Ok, here's what I have for draft of the Case concept. I believe this is most crucial in the design of the switch_ as I proposed in a recent post. Comments, feedback, suggestions welcome. Case Concept: Specialization of unary Polymorphic Function Object that, in addition to the requirements defined in Polymorphic Function Object, encodes a list of labels in its type necessary for switch dispatch. Notation: c, c0, c1, ... cN Case objects C A Case type I An MPL Integral Constant type i An MPL Integral Constant object N, First, Last Integral constants N0, N1, ...NN A list of integral constants f A unary function case_c, case_range_c, case_, default Case factories Valid Expressions: Expression Semantics ---------- -------------------------------------------------------- C::labels An MPL Sequence of Integral Constants c(i) Function application case_<I>(f) Returns a Case object with supplied MPL Sequence of Integral Constants. forwarding to the encapsulated function object f. case_c<N>(f) Returns a Case object with a single label N forwarding to the encapsulated function object f. Equivalent to: case_<mpl::vector_c<int, N> >(f) case_c< N0, N1, ...NN>(f) Returns a Case object with a list of labels forwarding to the encapsulated function object f. Equivalent to: case_<mpl::vector_c< int, N0, N1, ...NN> >(f) case_range_c< First, Last>(f) Returns a Case object with a range of labels forwarding to the encapsulated function object f.

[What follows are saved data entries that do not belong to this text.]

(* Let $\mathcal C\subset\mathbb C$ be a Jordan curve with interior domain $D$, $\xi(u)$ a meromorphic function with no singularities on $\mathcal C$, and $f(u,v)$ a meromorphic function with no singularities in $\overline D\times\overline D$. Then $\oint_{\mathcal C}\oint_{\mathcal C}f(u,v)\frac{\xi(u)-\xi(v)}{u-v}\,du\,dv=-\oint_{\mathcal C}f(u,u)\xi(u)\,du$.
   Context: A Jordan curve is a disjoint union of simple closed (positively oriented) curves in $\mathbb C$ whose inner domains are pairwise disjoint; its interior domain is the union of these inner domains. For a continuous function $F$ on $\mathcal C$, $\oint_{\mathcal C}F(u)\,du:=\frac1{2\pi i}\int_{\mathcal C}F(u)\,du$. *)

theory Defs
  imports "HOL-Complex_Analysis.Complex_Analysis"
begin

definition jordan_curve :: "'i set \<Rightarrow> ('i \<Rightarrow> real \<Rightarrow> complex) \<Rightarrow> bool" where
  "jordan_curve I \<gamma> \<longleftrightarrow> finite I \<and>
     (\<forall>i\<in>I. valid_path (\<gamma> i) \<and> simple_path (\<gamma> i) \<and> pathfinish (\<gamma> i) = pathstart (\<gamma> i) \<and>
        (\<forall>z\<in>inside (path_image (\<gamma> i)). winding_number (\<gamma> i) z = 1)) \<and>
     (\<forall>i\<in>I. \<forall>j\<in>I. i \<noteq> j \<longrightarrow>
        path_image (\<gamma> i) \<inter> path_image (\<gamma> j) = {} \<and>
        inside (path_image (\<gamma> i)) \<inter> inside (path_image (\<gamma> j)) = {})"

definition jcurve_image :: "'i set \<Rightarrow> ('i \<Rightarrow> real \<Rightarrow> complex) \<Rightarrow> complex set" where
  "jcurve_image I \<gamma> = (\<Union>i\<in>I. path_image (\<gamma> i))"

definition jdomain :: "'i set \<Rightarrow> ('i \<Rightarrow> real \<Rightarrow> complex) \<Rightarrow> complex set" where
  "jdomain I \<gamma> = (\<Union>i\<in>I. inside (path_image (\<gamma> i)))"

definition jint :: "'i set \<Rightarrow> ('i \<Rightarrow> real \<Rightarrow> complex) \<Rightarrow> (complex \<Rightarrow> complex) \<Rightarrow> complex" where
  "jint I \<gamma> F = (1 / (2 * of_real pi * \<i>)) * (\<Sum>i\<in>I. contour_integral (\<gamma> i) F)"

text \<open>Difference quotient (xi(u) - xi(v))/(u - v), extended continuously to the diagonal.\<close>
definition dquot :: "(complex \<Rightarrow> complex) \<Rightarrow> complex \<Rightarrow> complex \<Rightarrow> complex" where
  "dquot \<xi> u v = (if u = v then deriv \<xi> u else (\<xi> u - \<xi> v) / (u - v))"

end

theory Submission
  imports Defs
begin

text \<open>For fixed \<open>v\<close> on the curve, \<open>u \<mapsto> f u v (\<xi> u - \<xi> v) / (u - v)\<close> is holomorphic
  near the closed domain except at the finitely many poles \<open>q\<close> of \<open>\<xi>\<close>, so the inner
  integral can be taken over small circles around the poles instead; on such a circle the
  term \<open>\<xi> v f u v / (u - v)\<close> integrates to zero, because \<open>v\<close> lies outside the disc.
  The circles avoid the curve, so the remaining kernel \<open>f u v \<xi> u / (u - v)\<close> is continuous
  and the two integrations may be exchanged. The new inner integral over \<open>v\<close> is a Cauchy
  integral at a point \<open>u\<close> of the domain, where the winding numbers of the components add up
  to one; it yields \<open>- f u u \<xi> u\<close>. Contracting the curve to the same circles for
  \<open>f u u \<xi> u\<close> identifies the result with the right-hand side.\<close>

lemma continuous_on_contour_integral_param:
  assumes c: "path c" and dc: "continuous_on {0..1} (\<lambda>t. vector_derivative c (at t))"
    and G: "continuous_on (A \<times> path_image c) (\<lambda>(a, u). G a u)"
  shows "continuous_on A (\<lambda>a. contour_integral c (G a))"
proof -
  have cc: "continuous_on {0..1} c" using c by (simp add: path_def)
  have "continuous_on (A \<times> {0..1}) (\<lambda>x. (fst x, c (snd x)))"
    by (intro continuous_intros continuous_on_compose2[OF cc]) auto
  moreover have "(\<lambda>x. (fst x, c (snd x))) ` (A \<times> {0..1}) \<subseteq> A \<times> path_image c"
    by (auto simp: path_image_def)
  ultimately have "continuous_on (A \<times> {0..1}) (\<lambda>x. G (fst x) (c (snd x)))"
    using continuous_on_compose2[OF G, of "A \<times> {0..1}" "\<lambda>x. (fst x, c (snd x))"]
    by (simp add: split_beta)
  moreover have "continuous_on (A \<times> {0..1}) (\<lambda>x. vector_derivative c (at (snd x)))"
    by (intro continuous_on_compose2[OF dc] continuous_intros) auto
  ultimately have "continuous_on (A \<times> cbox 0 1) (\<lambda>(a, t). G a (c t) * vector_derivative c (at t))"
    by (simp add: split_beta continuous_on_mult)
  then have "continuous_on A (\<lambda>a. integral (cbox 0 1) (\<lambda>t. G a (c t) * vector_derivative c (at t)))"
    by (rule integral_continuous_on_param)
  then show ?thesis by (simp add: contour_integral_integral)
qed

lemma contour_integrable_continuous_C1:
  assumes c: "path c" and dc: "continuous_on {0..1} (\<lambda>t. vector_derivative c (at t))"
    and h: "continuous_on (path_image c) h"
  shows "h contour_integrable_on c"
proof -
  have "continuous_on {0..1} (\<lambda>t. h (c t))"
    using c by (intro continuous_on_compose2[OF h]) (auto simp: path_def path_image_def)
  then have "continuous_on {0..1} (\<lambda>t. h (c t) * vector_derivative c (at t))"
    using dc by (intro continuous_intros)
  then show ?thesis
    unfolding contour_integrable_on by (intro integrable_continuous_real)
qed

lemma continuous_on_vector_derivative_circlepath:
  "continuous_on {0..1} (\<lambda>t. vector_derivative (circlepath z r) (at t))"
  unfolding vector_derivative_circlepath by (intro continuous_intros)
(* For an integer $n$ and real $x$, define $$S_n(x)=(18n+24)\sin(x)-(9n+27)\sin((n+1)x)+9n\sin((n+2)x)+2\sin(4x)-\sin(5x)$$ and $$L_n(x)=(18n+24)\sin(x)-18n\sin(x/2)-29.1.$$ Then for all integers $n\geq 21$ and all $x\in(0,2\pi/3)$, $S_n(x)>L_n(x)$. *)

theory Defs
  imports Complex_Main
begin

definition S :: "int \<Rightarrow> real \<Rightarrow> real" where
  "S n x = (18 * of_int n + 24) * sin x - (9 * of_int n + 27) * sin ((of_int n + 1) * x)
          + 9 * of_int n * sin ((of_int n + 2) * x) + 2 * sin (4 * x) - sin (5 * x)"

definition L :: "int \<Rightarrow> real \<Rightarrow> real" where
  "L n x = (18 * of_int n + 24) * sin x - 18 * of_int n * sin (x / 2) - 29.1"

end

theory Submission
  imports Defs
begin

text \<open>With \<open>\<theta> = (n + 3/2) x\<close>, the sum-to-product formula
  \<open>sin ((n+2) x) - sin ((n+1) x) = 2 sin (x/2) cos \<theta>\<close> turns \<open>S n x - L n x\<close> into
  \<open>18 n sin (x/2) (1 + cos \<theta>) - 27 sin (\<theta> - x/2) + 2 sin (4x) - sin (5x) + 29.1\<close>.
  For \<open>x \<le> \<pi>/4\<close> all terms except \<open>-27 sin (\<theta> - x/2) - sin (5x)\<close> are nonnegative, which
  leaves a margin of \<open>1.1\<close>. For \<open>\<pi>/4 < x < 2\<pi>/3\<close> one has \<open>0.38 \<le> sin (x/2) \<le> 0.87\<close>,
  and the claim reduces to a quadratic inequality in \<open>cos \<theta>\<close> and \<open>sin \<theta> cos (x/2)\<close>,
  whose proof only needs \<open>27 t \<le> 75 t\<^sup>2 + 2.43\<close>.\<close>

lemma S_minus_L_eq:
  "S n x - L n x = 18 * of_int n * sin (x/2) * (1 + cos ((of_int n + 3/2) * x))
     - 27 * sin ((of_int n + 1) * x) + 2 * sin (4*x) - sin (5*x) + 29.1"
proof -
  have "sin ((of_int n + 2) * x) - sin ((of_int n + 1) * x)
      = 2 * sin (x/2) * cos ((of_int n + 3/2) * x)"
    by (simp add: sin_diff_sin field_simps)
  then show ?thesis
    unfolding S_def L_def by (simp add: algebra_simps)
qed

lemma key_polynomial_bound:
  fixes u c t :: real
  assumes "38/100 \<le> u" and "u \<le> 87/100" and "t\<^sup>2 + c\<^sup>2 \<le> 1"
  shows "378 * u * (1 + c) - 27 * (t - c * u) + 261/10 > 0"
proof -
  define d where "d = 1 + c"
  have "c\<^sup>2 \<le> 1"
    using assms(3) by (smt (verit) zero_le_power2)
  then have d_nonneg: "0 \<le> d"
    unfolding d_def by (simp add: abs_square_le_1 abs_le_iff)
  have "27 * t \<le> 75 * t\<^sup>2 + 243/100"
    using zero_le_power2[of "t - 9/50"] by (simp add: power2_eq_square algebra_simps)
  also have "\<dots> \<le> 150 * d - 75 * d\<^sup>2 + 243/100"
    using assms(3) unfolding d_def by (simp add: power2_eq_square algebra_simps)
  finally have t_bound: "27 * t \<le> 150 * d - 75 * d\<^sup>2 + 243/100" .
  have "(38/100) * d \<le> u * d"
    using assms(1) d_nonneg by (rule mult_right_mono)
  moreover have "378 * u * (1 + c) - 27 * (t - c * u) + 261/10 = 405 * (u * d) - 27 * u - 27 * t + 261/10"
    unfolding d_def by (simp add: algebra_simps)
  ultimately show ?thesis
    using t_bound assms(2) d_nonneg zero_le_power2[of d] by linarith
qed

lemma key_trig_bound:
  fixes y \<theta> :: real
  assumes "38/100 \<le> sin y" and "sin y \<le> 87/100"
  shows "378 * sin y * (1 + cos \<theta>) - 27 * sin (\<theta> - y) + 261/10 > 0"
proof -
  have "(sin \<theta> * cos y)\<^sup>2 \<le> (sin \<theta>)\<^sup>2"
    by (simp add: power_mult_distrib mult_left_le abs_square_le_1)
  then have "(sin \<theta> * cos y)\<^sup>2 + (cos \<theta>)\<^sup>2 \<le> 1"
    using sin_cos_squared_add[of \<theta>] by linarith
  from key_polynomial_bound[OF assms this] show ?thesis
    by (simp add: sin_diff)
qed

lemma sin_half_bounds:
  fixes x :: real
  assumes "pi/4 < x" and "x < 2*pi/3"
  shows "38/100 \<le> sin (x/2)" and "sin (x/2) \<le> 87/100"
proof -
  have cos_x: "cos x = 1 - 2 * (sin (x/2))\<^sup>2"
    using cos_double_sin[of "x/2"] by simp
  have sin_nonneg: "0 \<le> sin (x/2)"
    using assms pi_gt_zero by (intro sin_ge_zero) auto
  have "cos x < cos (pi/4)"
    using assms by (intro cos_monotone_0_pi) auto
  moreover have "sqrt 2 < 142/100"
    by (rule real_less_lsqrt) (auto simp: power2_eq_square)
  ultimately have "(38/100)\<^sup>2 < (sin (x/2))\<^sup>2"
    using cos_x by (simp add: cos_45 power2_eq_square)
  then show "38/100 \<le> sin (x/2)"
    using power_less_imp_less_base sin_nonneg by fastforce
  have "cos (2*pi/3) < cos x"
    using assms by (intro cos_monotone_0_pi) auto
  then have "(sin (x/2))\<^sup>2 < (87/100)\<^sup>2"
    using cos_x by (simp add: cos_120 power2_eq_square)
  then show "sin (x/2) \<le> 87/100"
    using power_less_imp_less_base by fastforce
qed

theorem lemma3:
  fixes n :: int and x :: real
  assumes "n \<ge> 21" and "0 < x" and "x < 2 * pi / 3"
  shows "S n x > L n x"
proof -
  define \<theta> where "\<theta> = (of_int n + 3/2) * x"
  have shift: "(of_int n + 1) * x = \<theta> - x/2"
    unfolding \<theta>_def by (simp add: algebra_simps)
  have u_nonneg: "0 \<le> sin (x/2)"
    using assms by (intro sin_ge_zero) auto
  have c_nonneg: "0 \<le> 1 + cos \<theta>"
    using cos_ge_minus_one[of \<theta>] by linarith
  have "378 * sin (x/2) * (1 + cos \<theta>) \<le> 18 * of_int n * sin (x/2) * (1 + cos \<theta>)"
    using assms(1) u_nonneg c_nonneg by (intro mult_right_mono) auto
  moreover have "0 \<le> 378 * sin (x/2) * (1 + cos \<theta>)"
    using u_nonneg c_nonneg by simp
  moreover have "- 1 \<le> sin (4*x)" "sin (5*x) \<le> 1" "sin (\<theta> - x/2) \<le> 1"
    by simp_all
  moreover have "0 \<le> sin (4*x) \<or> 378 * sin (x/2) * (1 + cos \<theta>) - 27 * sin (\<theta> - x/2) + 261/10 > 0"
  proof (cases "x \<le> pi/4")
    case True
    then show ?thesis using assms(2) by (auto intro: sin_ge_zero)
  next
    case False
    then show ?thesis using sin_half_bounds assms(3) key_trig_bound by simp
  qed
  ultimately show ?thesis
    using S_minus_L_eq[of n x] unfolding \<theta>_def[symmetric] shift by linarith
qed

end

Equivalent to: case_<mpl::range_c< int, First, Last> >(f) default_(f) Returns a Case object with an empty labels list. forwarding to the encapsulated function object f. c0, c1, ... cN Returns a fusion sequence of Case objects Notes: * While c0, c1, ... cN returns a fusion sequence, it does not have to use Fusion. It can be a very simple cons list of references to the actual arguments similar to the zero overhead Proto expression tree. It must be compatible with Fusion though, but that can be abstracted away. * case_c and case_range_c are simple shortcuts. The type of integral constant is int. The actual type can be casted to the actual switch parameter. I think this is safe, but a variation is to have case_c and case_range_c expect the actual type (like mpl::vector_c and mpl::range_c.). E.g.: case_c<int, N>. * case_<I>(f) is equivalent to the original Steven interface. Regards, -- Joel de Guzman http://www.boost-consulting.com http://spirit.sf.net
Joel de Guzman wrote:
Joel de Guzman wrote:
I'll try to come up with a complete interface proposal that will encompass all use cases. It will be lightweight (no need for extra infrastructure) and efficient. I believe it can be done.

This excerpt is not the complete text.